Only elec I knew was a chap called Peter corry big guy born in London but lived in Hull he was my best man on markhor in 1977 wonder if he's still around hope so at least 😉


----------



## taffe65 (May 27, 2007)

Tony the hippy chippy said:


> Only elec I knew was a chap called Peter corry big guy born in London but lived in Hull he was my best man on markhor in 1977 wonder if he's still around hope so at least 😉


Tony I sailed with Pete on the m.t. luminetta on yarpie coast late eighties,he was still alive and kicking but seen him a few times like death warmed up,he liked a vodka or two but always there when needed.


----------



## Tony the hippy chippy (Sep 24, 2021)

taffe65 said:


> Tony I sailed with Pete on the m.t. luminetta on yarpie coast late eighties,he was still alive and kicking but seen him a few times like death warmed up,he liked a vodka or two but always there when needed.

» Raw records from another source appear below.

lemma d0_p1_cont: "continuous_on UNIV (\<lambda>\<zeta>. d0bar (p1 \<zeta>))"
  and d0_p2_cont: "continuous_on UNIV (\<lambda>\<zeta>. d0bar (p2 \<zeta>))"
  using d0_cont by (rule continuous_on_p1_comp, rule continuous_on_p2_comp)

lemma open_finite_part: "open finite_part"
  unfolding finite_part_def
  by (intro open_Collect_conj open_Collect_less d0_p1_cont d0_p2_cont continuous_on_const)

lemma dist_excess_extension_ge_1:
  assumes g: "continuous_on UNIV g"
    and ext: "\<And>x y. x \<noteq> y \<Longrightarrow> g (e (x, y)) = lip_weight (\<lambda>z. max 0 (dist z base - r)) x y"
    and "0 \<le> r" "\<zeta> \<notin> finite_part"
  shows "1 \<le> g \<zeta>"
proof (rule field_le_epsilon)
  fix \<epsilon> :: real assume "0 < \<epsilon>"
  let ?R = "ennreal (2 * r / \<epsilon>)"
  have "d0bar (p1 \<zeta>) = \<infinity> \<or> d0bar (p2 \<zeta>) = \<infinity>"
    using \<open>\<zeta> \<notin> finite_part\<close> by (auto simp: finite_part_def less_top[symmetric])
  then have "?R < d0bar (p1 \<zeta>) \<or> ?R < d0bar (p2 \<zeta>)"
    by auto
  then have "1 - \<epsilon> \<le> g \<zeta>"
  proof (rule offdiag_transfer[where P = "\<lambda>\<zeta>. ?R < d0bar (p1 \<zeta>) \<or> ?R < d0bar (p2 \<zeta>)"
        and Q = "\<lambda>\<zeta>. 1 - \<epsilon> \<le> g \<zeta>"])
    show "open {\<zeta>. ?R < d0bar (p1 \<zeta>) \<or> ?R < d0bar (p2 \<zeta>)}"
      using d0_p1_cont d0_p2_cont by (intro open_Collect_disj open_Collect_less continuous_on_const)
    show "closed {\<zeta>. 1 - \<epsilon> \<le> g \<zeta>}"
      using g by (intro closed_Collect_le continuous_on_const)
  qed (use lip_weight_dist_excess_ge[of _ _ \<epsilon> r base] \<open>0 < \<epsilon>\<close> \<open>0 \<le> r\<close> ext d0_ext
      in \<open>auto simp: ennreal_less_iff\<close>)
  then show "1 \<le> g \<zeta> + \<epsilon>"
    by simp
qed

lemma dist_excess_extension_eq_0:
  assumes g: "continuous_on UNIV g"
    and ext: "\<And>x y. x \<noteq> y \<Longrightarrow> g (e (x, y)) = lip_weight (\<lambda>z. max 0 (dist z base - r)) x y"
    and "d0bar (p1 \<zeta>) < ennreal r \<and> d0bar (p2 \<zeta>) < ennreal r"
  shows "g \<zeta> = 0"
proof (rule lip_weight_extension_eq_0[where P = "\<lambda>\<zeta>. d0bar (p1 \<zeta>) < ennreal r \<and> d0bar (p2 \<zeta>) < ennreal r",
      OF g ext assms(3)])
  show "open {\<zeta>. d0bar (p1 \<zeta>) < ennreal r \<and> d0bar (p2 \<zeta>) < ennreal r}"
    using d0_p1_cont d0_p2_cont by (intro open_Collect_conj open_Collect_less continuous_on_const)
qed (use d0_ext in \<open>auto simp: ennreal_less_iff\<close>)

lemma compl_finite_part_eq_INT:
  "- finite_part = (\<Inter>n. {\<zeta>. ennreal (real n) \<le> d0bar (p1 \<zeta>) \<or> ennreal (real n) \<le> d0bar (p2 \<zeta>)})"
proof (intro equalityI subsetI)
  fix \<zeta> assume \<zeta>: "\<zeta> \<in> (\<Inter>n. {\<zeta>. ennreal (real n) \<le> d0bar (p1 \<zeta>) \<or> ennreal (real n) \<le> d0bar (p2 \<zeta>)})"
  show "\<zeta> \<in> - finite_part"
  proof
    assume "\<zeta> \<in> finite_part"
    then obtain n where "d0bar (p1 \<zeta>) + d0bar (p2 \<zeta>) < of_nat n"
      using ennreal_Ex_less_of_nat[of "d0bar (p1 \<zeta>) + d0bar (p2 \<zeta>)"] by (auto simp: finite_part_def)
    then have "d0bar (p1 \<zeta>) < ennreal (real n) \<and> d0bar (p2 \<zeta>) < ennreal (real n)"
      unfolding ennreal_of_nat_eq_real_of_nat
      by (meson add_increasing add_increasing2 le_less_trans order_refl zero_le)
    then show False
      using \<zeta> by (auto simp: not_le[symmetric])
  qed
qed (auto simp: finite_part_def less_top[symmetric])

lemma measure_outside_finite_part_le:
  assumes \<mu>: "radon_measure \<mu>" and \<nu>: "radon_measure \<nu>" and prec: "meas_preceq e \<mu> \<nu>"
  shows "measure \<mu> (- finite_part) \<le> measure \<nu> (- finite_part)"
proof -
  interpret \<nu>: finite_measure \<nu>
    using radon_measureD(1)[OF \<nu>] .
  define W where "W n = {\<zeta>. ennreal (real n) \<le> d0bar (p1 \<zeta>) \<or> ennreal (real n) \<le> d0bar (p2 \<zeta>)}"
    for n :: nat
  have W_borel: "W n \<in> sets borel" for n
    unfolding W_def using d0_p1_cont d0_p2_cont
    by (intro borel_closed closed_Collect_disj closed_Collect_le continuous_on_const)
  have outside_borel: "- finite_part \<in> sets borel"
    using open_finite_part by (simp add: borel_open sets.compl_sets)
  have "measure \<mu> (- finite_part) \<le> measure \<nu> (W n)" for n
  proof -
    obtain g where g: "g \<in> Gset e"
      "\<And>x y. x \<noteq> y \<Longrightarrow> g (e (x, y)) = lip_weight (\<lambda>z. max 0 (dist z base - real n)) x y"
      "\<And>\<zeta>. 0 \<le> g \<zeta>" "\<And>\<zeta>. g \<zeta> \<le> 1"
      using Gset_extension_lip_weight[OF stone_cech dist_excess_lipschitz] by auto
    have "measure \<mu> (- finite_part) \<le> measure \<nu> (W n) + 0 * measure \<nu> UNIV"
    proof (rule meas_preceq_measure_le[OF \<mu> \<nu> prec g(1) outside_borel W_borel])
      show "indicator (- finite_part) \<zeta> \<le> g \<zeta>" for \<zeta>
        using dist_excess_extension_ge_1[OF Gset_continuous[OF g(1)] g(2), of \<zeta>] g(3)
        by (auto split: split_indicator)
      show "g \<zeta> \<le> indicator (W n) \<zeta> + 0" for \<zeta>
        using dist_excess_extension_eq_0[OF Gset_continuous[OF g(1)] g(2), of \<zeta>] g(4)[of \<zeta>]
        by (auto simp: W_def not_le split: split_indicator)
    qed
    then show ?thesis
      by simp
  qed
  moreover have "(\<lambda>n. measure \<nu> (W n)) \<longlonglongrightarrow> measure \<nu> (- finite_part)"
  proof -
    have "decseq W"
      by (auto simp: decseq_def W_def intro: order_trans[rotated])
    then show ?thesis
      using \<nu>.finite_Lim_measure_decseq[of W] W_borel radon_measureD(2)[OF \<nu>]
      by (auto simp: compl_finite_part_eq_INT W_def)
  qed
  ultimately show ?thesis
    using LIMSEQ_le_const by blast
qed

lemma compl_finite_part_null:
  assumes \<mu>: "radon_measure \<mu>" and \<nu>: "radon_measure \<nu>" and prec: "meas_preceq e \<mu> \<nu>"
    and null: "- finite_part \<in> null_sets \<nu>"
  shows "- finite_part \<in> null_sets \<mu>"
proof -
  have "measure \<mu> (- finite_part) \<le> 0"
    using measure_outside_finite_part_le[OF \<mu> \<nu> prec] null_setsD1[OF null] by (simp add: measure_def)
  then have "measure \<mu> (- finite_part) = 0"
    using measure_nonneg[of \<mu> "- finite_part"] by linarith
  moreover have "- finite_part \<in> sets \<mu>"
    using open_finite_part radon_measureD(2)[OF \<mu>] by (simp add: borel_open sets.compl_sets)
  ultimately show ?thesis
    using radon_measureD(1)[OF \<mu>] by (simp add: finite_measure.emeasure_eq_measure null_setsI)
qed

end

locale offdiag_compactification_dist = offdiag_compactification e j p1 p2
  for e :: "('a::metric_space \<times> 'a) \<Rightarrow> 'k::t2_space" and j :: "'a \<Rightarrow> 'l::t2_space" and p1 p2 +
  fixes dbar :: "'k \<Rightarrow> ennreal"
  assumes samuel: "samuel_compactification j"
    and dbar_cont: "continuous_on UNIV dbar"
    and dbar_ext: "\<forall>z\<in>offdiag. dbar (e z) = ennreal (dist (fst z) (snd z))"
begin

lemma dbar_e [simp]: "x \<noteq> y \<Longrightarrow> dbar (e (x, y)) = ennreal (dist x y)"
  using dbar_ext by (simp add: offdiag_def)

lemma open_meets_range_j:
  assumes "open V" "\<xi> \<in> V"
  obtains x where "j x \<in> V"
proof -
  have "closure (range j) = UNIV"
    using samuel by (simp add: samuel_compactification_def)
  then show ?thesis
    using open_Int_closure_eq_empty[OF assms(1)] assms(2) that by blast
qed

lemma uniform_modulus_along_j:
  fixes F :: "'l \<Rightarrow> real"
  assumes "continuous_on UNIV F" "0 < \<epsilon>"
  obtains \<delta> where "0 < \<delta>" "\<And>x y. dist x y < \<delta> \<Longrightarrow> \<bar>F (j x) - F (j y)\<bar> < \<epsilon>"
proof -
  have "uniformly_continuous_on UNIV (F \<circ> j)"
    using samuel assms(1) by (simp add: samuel_compactification_def)
  then show ?thesis
    using assms(2) that unfolding uniformly_continuous_on_def
    by (metis comp_apply dist_real_def iso_tuple_UNIV_I)
qed

lemma p1_eq_p2_if_dbar_zero:
  assumes "dbar \<zeta> = 0"
  shows "p1 \<zeta> = p2 \<zeta>"
proof (rule ccontr)
  assume "p1 \<zeta> \<noteq> p2 \<zeta>"
  moreover have "compact (UNIV :: 'l set)"
    using samuel by (simp add: samuel_compactification_def)
  ultimately obtain F :: "'l \<Rightarrow> real"
    where F: "continuous_on UNIV F" "F (p1 \<zeta>) = 1" "F (p2 \<zeta>) = 0"
    using compact_t2_Urysohn[of "{p1 \<zeta>}" "{p2 \<zeta>}"] by auto
  obtain \<delta> where \<delta>: "0 < \<delta>" "\<And>x y. dist x y < \<delta> \<Longrightarrow> \<bar>F (j x) - F (j y)\<bar> < 1/2"
    using uniform_modulus_along_j[OF F(1), of "1/2"] by auto
  have "dbar \<zeta> < ennreal \<delta>"
    using assms \<delta>(1) by simp
  then have "\<bar>F (p1 \<zeta>) - F (p2 \<zeta>)\<bar> \<le> 1/2"
  proof (rule offdiag_transfer)
    show "open {\<zeta>. dbar \<zeta> < ennreal \<delta>}"
      using dbar_cont by (intro open_Collect_less continuous_on_const)
    show "closed {\<zeta>. \<bar>F (p1 \<zeta>) - F (p2 \<zeta>)\<bar> \<le> 1/2}"
      using F(1) by (intro closed_Collect_le continuous_intros continuous_on_p1_comp continuous_on_p2_comp)
  qed (use \<delta>(2) in \<open>auto simp: ennreal_less_iff less_imp_le\<close>)
  then show False
    using F(2,3) by simp
qed

definition diag_over :: "'l set \<Rightarrow> 'k set" where
  "diag_over C = {\<zeta>. dbar \<zeta> = 0 \<and> p1 \<zeta> \<in> C \<and> p2 \<zeta> \<in> C}"

lemma diag_over_eq_vimage: "diag_over C = dbar -` {0} \<inter> p1 -` C \<inter> p2 -` C"
  by (auto simp: diag_over_def)

lemma closed_diag_over: "closed C \<Longrightarrow> closed (diag_over C)"
  unfolding diag_over_eq_vimage
  by (intro closed_Int closed_vimage dbar_cont p1_cont p2_cont closed_singleton)

lemma sets_diag_over: "A \<in> sets borel \<Longrightarrow> diag_over A \<in> sets borel"
proof -
  have "dbar -` {0} \<in> sets borel"
    using dbar_cont by (intro borel_closed closed_vimage closed_singleton)
  moreover have "p1 \<in> borel_measurable borel" "p2 \<in> borel_measurable borel"
    using p1_cont p2_cont by (auto intro: borel_measurable_continuous_onI)
  moreover assume "A \<in> sets borel"
  ultimately show ?thesis
    unfolding diag_over_eq_vimage by (intro sets.Int) (auto dest: measurable_sets)
qed

lemma diag_neighbourhood_separation:
  assumes "closed C" "open U" "diag_over C \<subseteq> U"
  obtains F :: "'l \<Rightarrow> real" and \<eta> :: real
  where "continuous_on UNIV F" "\<And>\<xi>. \<xi> \<in> C \<Longrightarrow> F \<xi> = 1" "0 < \<eta>"
    "\<And>\<zeta>. dbar \<zeta> \<le> ennreal \<eta> \<Longrightarrow> 1/4 \<le> F (p1 \<zeta>) \<or> 1/4 \<le> F (p2 \<zeta>) \<Longrightarrow> \<zeta> \<in> U"
proof -
  define Q where "Q = dbar -` {0} - U"
  have "closed Q"
    unfolding Q_def using assms(2) by (intro closed_Diff closed_vimage dbar_cont) auto
  then have "compact (p1 ` Q)"
    by (intro compact_continuous_image continuous_on_subset[OF p1_cont] compact_if_closed) auto
  moreover have "C \<inter> p1 ` Q = {}"
    using assms(3) p1_eq_p2_if_dbar_zero by (fastforce simp: Q_def diag_over_def)
  moreover have "compact (UNIV :: 'l set)"
    using samuel by (simp add: samuel_compactification_def)
  ultimately obtain F :: "'l \<Rightarrow> real" where F: "continuous_on UNIV F"
    "\<And>\<xi>. \<xi> \<in> C \<Longrightarrow> F \<xi> = 1" "\<And>\<xi>. \<xi> \<in> p1 ` Q \<Longrightarrow> F \<xi> = 0"
    using compact_t2_Urysohn[of C "p1 ` Q"] assms(1) compact_imp_closed by metis
  define E where "E = {\<zeta>. 1/4 \<le> F (p1 \<zeta>) \<or> 1/4 \<le> F (p2 \<zeta>)} - U"
  have "closed E"
    unfolding E_def using F(1) assms(2)
    by (intro closed_Diff closed_Collect_disj closed_Collect_le continuous_on_const
        continuous_on_p1_comp continuous_on_p2_comp)
  moreover have "dbar \<zeta> \<noteq> 0" if "\<zeta> \<in> E" for \<zeta>
  proof
    assume "dbar \<zeta> = 0"
    then have "F (p1 \<zeta>) = 0" "p2 \<zeta> = p1 \<zeta>"
      using that F(3) p1_eq_p2_if_dbar_zero by (auto simp: E_def Q_def)
    then show False
      using that by (simp add: E_def)
  qed
  ultimately obtain \<eta> where "0 < \<eta>" "\<And>\<zeta>. \<zeta> \<in> E \<Longrightarrow> ennreal \<eta> < dbar \<zeta>"
    using compact_ennreal_positive_lower_bound[of E dbar] compact_if_closed
      continuous_on_subset[OF dbar_cont] by blast
  then show ?thesis
    using that[of F \<eta>] F(1,2) by (force simp: E_def not_less[symmetric])
qed

lemma lip_weight_extension_ge_1_on_diagonal:
  fixes F :: "'l \<Rightarrow> real"
  assumes g: "continuous_on UNIV g" and ext: "\<And>x y. x \<noteq> y \<Longrightarrow> g (e (x, y)) = lip_weight h x y"
    and F: "continuous_on UNIV F" and "0 < \<delta>" "\<And>x. 0 \<le> h x" "\<And>x. b < F (j x) \<Longrightarrow> h x = \<delta>"
    and "dbar \<zeta> = 0" "b < F (p1 \<zeta>)"
  shows "1 \<le> g \<zeta>"
proof -
  have "dbar \<zeta> < ennreal \<delta> \<and> b < F (p1 \<zeta>)"
    using assms(4,7,8) by simp
  then show ?thesis
  proof (rule offdiag_transfer)
    show "open {\<zeta>. dbar \<zeta> < ennreal \<delta> \<and> b < F (p1 \<zeta>)}"
      using dbar_cont continuous_on_p1_comp[OF F]
      by (intro open_Collect_conj open_Collect_less continuous_on_const)
    show "closed {\<zeta>. 1 \<le> g \<zeta>}"
      using g by (intro closed_Collect_le continuous_on_const)
  qed (use ext assms(5,6) in \<open>auto simp: ennreal_less_iff lip_weight_eq_1 add_increasing2\<close>)
qed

Hi taffe yes I sailed with Pete on the Brock's ships markhor and mahout as I said he was my best man when I got married in 77 on the markhor in smiths Dock North shields always said he was the worst best man ever he was married to a girl from Hull Sheila she used to work in the seamans mission in Hull but he used to take her on the odd trip now and again hope he's still kicking he was a jem of a guy regards tony


----------